> **Task description**
Print each line from the start of the records below up through the line where "H s * ln (H" is found, exactly as given.
╭─ Given records
text \<open>Herbst's argument: the entropy bound makes \<open>ln H(s) / s - c s\<close> nonincreasing on \<open>s > 0\<close>,
  where \<open>H\<close> is the moment generating function of \<open>G\<close>, and its limit at \<open>0\<close> is the mean of \<open>G\<close>.\<close>

lemma herbst_argument:
  fixes G :: "'a \<Rightarrow> real"
  assumes "prob_space M" and [measurable]: "G \<in> borel_measurable M"
    and G_bounded: "\<And>x. x \<in> space M \<Longrightarrow> \<bar>G x\<bar> \<le> B"
    and entropy_bound: "\<And>s. s > 0 \<Longrightarrow>
        s * (\<integral>x. G x * exp (s * G x) \<partial>M) - (\<integral>x. exp (s * G x) \<partial>M) * ln (\<integral>x. exp (s * G x) \<partial>M)
          \<le> c * s\<^sup>2 * (\<integral>x. exp (s * G x) \<partial>M)"
    and "l > 0"
  shows "ln (\<integral>x. exp (l * G x) \<partial>M) \<le> l * (\<integral>x. G x \<partial>M) + c * l\<^sup>2"
proof -
  interpret prob_space M by fact
  define H where "H s = (\<integral>x. exp (s * G x) \<partial>M)" for s
  define D where "D s = (\<integral>x. G x * exp (s * G x) \<partial>M)" for s
  define K where "K s = ln (H s) / s - c * s" for s
  have H_pos: "0 < H s" for s
    unfolding H_def by (rule integral_exp_mult_pos[OF prob_space_axioms _ G_bounded]) simp
  have K_deriv: "(K has_real_derivative (D s / H s * s - ln (H s) * 1) / (s * s) - c) (at s)"
    if "s \<noteq> 0" for s
  proof -
    have "(H has_real_derivative D s) (at s)"
      unfolding H_def D_def
      by (rule has_real_derivative_integral_exp_mult[OF finite_measure_axioms _ G_bounded]) simp
    from DERIV_chain2[OF DERIV_ln_divide[OF H_pos[of s]] this]
    have ln_H: "((\<lambda>s. ln (H s)) has_real_derivative D s / H s) (at s)"
      by simp
    show ?thesis
      unfolding K_def by (intro DERIV_diff DERIV_divide DERIV_ident DERIV_cmult_Id ln_H that)
  qed
  have K_deriv_nonpos: "(D s / H s * s - ln (H s) * 1) / (s * s) - c \<le> 0" if "s > 0" for s
  proof -
    have "(D s / H s * s - ln (H s) * 1) / (s * s) = (s * D s - H s * ln (H s)) / (H s * s\<^sup>2)"
      using H_pos[of s] by (simp add: field_simps power2_eq_square)
    also have "\<dots> \<le> c"
      using entropy_bound[OF that, folded H_def D_def] H_pos[of s] that
      by (simp add: divide_le_eq mult_ac)
    finally show ?thesis by simp
  qed
  have K_antimono: "K l \<le> K s" if "0 < s" "s \<le> l" for s
  proof (rule DERIV_nonpos_imp_nonincreasing[OF that(2)])
    fix x assume "s \<le> x" "x \<le> l"
    then have "x > 0" using that by linarith
    then show "\<exists>y. (K has_real_derivative y) (at x) \<and> y \<le> 0"
      using K_deriv[of x] K_deriv_nonpos[of x] by auto
  qed
  have "((\<lambda>s. ln (H s) / s) \<longlongrightarrow> (\<integral>x. G x \<partial>M)) (at_right 0)"
    unfolding H_def
    by (rule filterlim_mono[OF tendsto_ln_integral_exp_mult_div[OF prob_space_axioms _ G_bounded]])
       (auto simp: at_le)
  then have "(K \<longlongrightarrow> (\<integral>x. G x \<partial>M) - c * 0) (at_right 0)"
    unfolding K_def by (intro tendsto_intros)
  moreover have "\<forall>\<^sub>F s in at_right 0. K l \<le> K s"
    using eventually_at_right_real[OF \<open>l > 0\<close>] by eventually_elim (use K_antimono in auto)
  ultimately have "K l \<le> (\<integral>x. G x \<partial>M)"
    by (intro tendsto_lowerbound) auto
  then have "ln (H l) / l \<le> (\<integral>x. G x \<partial>M) + c * l"
    unfolding K_def by linarith
  then have "ln (H l) \<le> ((\<integral>x. G x \<partial>M) + c * l) * l"
    using \<open>l > 0\<close> by (simp add: divide_le_eq)
  then show ?thesis
    by (simp add: H_def power2_eq_square algebra_simps)
qed

section \<open>Concentration under a logarithmic Sobolev inequality\<close>

lemma weak_gradient_exp_lipschitz:
  fixes G :: "'a::euclidean_space \<Rightarrow> real"
  assumes G: "lip_grad_le G 1" and G_bounded: "\<And>x. \<bar>G x\<bar> \<le> B" and "0 \<le> l"
  obtains g where "weak_gradient (\<lambda>x. exp (l / 2 * G x)) g"
    and "\<And>x. norm (g x) \<le> l / 2 * exp (l / 2 * G x)"
proof -
  define f where "f x = exp (l / 2 * G x)" for x
  \<comment> \<open>The cutoff keeps \<open>g\<close> bounded; it is inactive wherever \<open>G\<close> is differentiable.\<close>
  define g where "g x = (if norm (diff_quotient_grad G x) \<le> 1
      then (l / 2 * f x) *\<^sub>R diff_quotient_grad G x else 0)" for x
  obtain L where L: "L-lipschitz_on UNIV G"
    using G unfolding lip_grad_le_def by blast
  have [measurable]: "G \<in> borel_measurable borel"
    using L by (intro borel_measurable_continuous_onI lipschitz_on_continuous_on)
  have g_meas: "g \<in> borel_measurable borel"
    unfolding g_def f_def by measurable
  have g_le: "norm (g x) \<le> l / 2 * f x" for x
    using \<open>0 \<le> l\<close> by (auto simp: g_def f_def mult_left_le)
  have "l / 2 * G x \<le> l / 2 * B" for x
    using G_bounded[of x] \<open>0 \<le> l\<close> by (intro mult_left_mono) auto
  then have exp_lipschitz: "(exp (l / 2 * B))-lipschitz_on ((\<lambda>x. l / 2 * G x) ` UNIV) exp"
    by (intro lipschitz_on_subset[OF exp_lipschitz_on_atMost]) auto
  have f_lipschitz: "(exp (l / 2 * B) * (l / 2 * L))-lipschitz_on UNIV f"
    unfolding f_def using \<open>0 \<le> l\<close>
    by (intro lipschitz_on_compose2[OF lipschitz_on_cmult_real_nonneg[OF L] exp_lipschitz]) simp
  have "l / 2 * f x \<le> l / 2 * exp (l / 2 * B)" for x
    unfolding f_def using \<open>0 \<le> l\<close> \<open>\<And>x. l / 2 * G x \<le> l / 2 * B\<close>[of x]
    by (intro mult_left_mono) auto
  then have g_bounded: "norm (g x) \<le> l / 2 * exp (l / 2 * B)" for x
    using g_le order_trans by blast
  have "AE x in lborel. (f has_derivative (\<lambda>h. g x \<bullet> h)) (at x)"
    using lip_grad_le_has_derivative[OF G]
  proof eventually_elim
    case (elim x)
    then obtain D where D: "(G has_derivative D) (at x)" "\<And>h. \<bar>D h\<bar> \<le> 1 * norm h"
      by blast
    define v where "v = diff_quotient_grad G x"
    have D_eq: "D = (\<lambda>h. v \<bullet> h)"
      unfolding v_def by (rule has_derivative_diff_quotient_grad[OF D(1)])
    have "norm v * norm v \<le> 1 * norm v"
      using D(2)[of v] by (simp add: D_eq power2_norm_eq_inner[symmetric] power2_eq_square)
    then have "norm v \<le> 1"
      by (cases "v = 0") auto
    then have g_eq: "g x = (l / 2 * f x) *\<^sub>R v"
      by (simp add: g_def v_def)
    have "(f has_derivative (\<lambda>h. exp (l / 2 * G x) * (l / 2 * D h))) (at x)"
      unfolding f_def by (auto intro!: derivative_eq_intros D(1))
    then show ?case
      by (simp add: g_eq D_eq f_def mult_ac)
  qed
  then have "weak_gradient f g"
    by (rule weak_gradient_lipschitz[OF f_lipschitz g_meas g_bounded])
  then show thesis
    using that g_le unfolding f_def by blast
qed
╰─
> **Output for this exercise**
text \<open>Herbst's argument: the entropy bound makes \<open>ln H(s) / s - c s\<close> nonincreasing on \<open>s > 0\<close>,
  where \<open>H\<close> is the moment generating function of \<open>G\<close>, and its limit at \<open>0\<close> is the mean of \<open>G\<close>.\<close>

lemma herbst_argument:
  fixes G :: "'a \<Rightarrow> real"
  assumes "prob_space M" and [measurable]: "G \<in> borel_measurable M"
    and G_bounded: "\<And>x. x \<in> space M \<Longrightarrow> \<bar>G x\<bar> \<le> B"
    and entropy_bound: "\<And>s. s > 0 \<Longrightarrow>
        s * (\<integral>x. G x * exp (s * G x) \<partial>M) - (\<integral>x. exp (s * G x) \<partial>M) * ln (\<integral>x. exp (s * G x) \<partial>M)
          \<le> c * s\<^sup>2 * (\<integral>x. exp (s * G x) \<partial>M)"
    and "l > 0"
  shows "ln (\<integral>x. exp (l * G x) \<partial>M) \<le> l * (\<integral>x. G x \<partial>M) + c * l\<^sup>2"
proof -
  interpret prob_space M by fact
  define H where "H s = (\<integral>x. exp (s * G x) \<partial>M)" for s
  define D where "D s = (\<integral>x. G x * exp (s * G x) \<partial>M)" for s
  define K where "K s = ln (H s) / s - c * s" for s
  have H_pos: "0 < H s" for s
    unfolding H_def by (rule integral_exp_mult_pos[OF prob_space_axioms _ G_bounded]) simp
  have K_deriv: "(K has_real_derivative (D s / H s * s - ln (H s) * 1) / (s * s) - c) (at s)"
    if "s \<noteq> 0" for s
  proof -
    have "(H has_real_derivative D s) (at s)"
      unfolding H_def D_def
      by (rule has_real_derivative_integral_exp_mult[OF finite_measure_axioms _ G_bounded]) simp
    from DERIV_chain2[OF DERIV_ln_divide[OF H_pos[of s]] this]
    have ln_H: "((\<lambda>s. ln (H s)) has_real_derivative D s / H s) (at s)"
      by simp
    show ?thesis
      unfolding K_def by (intro DERIV_diff DERIV_divide DERIV_ident DERIV_cmult_Id ln_H that)
  qed
  have K_deriv_nonpos: "(D s / H s * s - ln (H s) * 1) / (s * s) - c \<le> 0" if "s > 0" for s
  proof -
    have "(D s / H s * s - ln (H s) * 1) / (s * s) = (s * D s - H s * ln (H s)) / (H s * s\<^sup>2)"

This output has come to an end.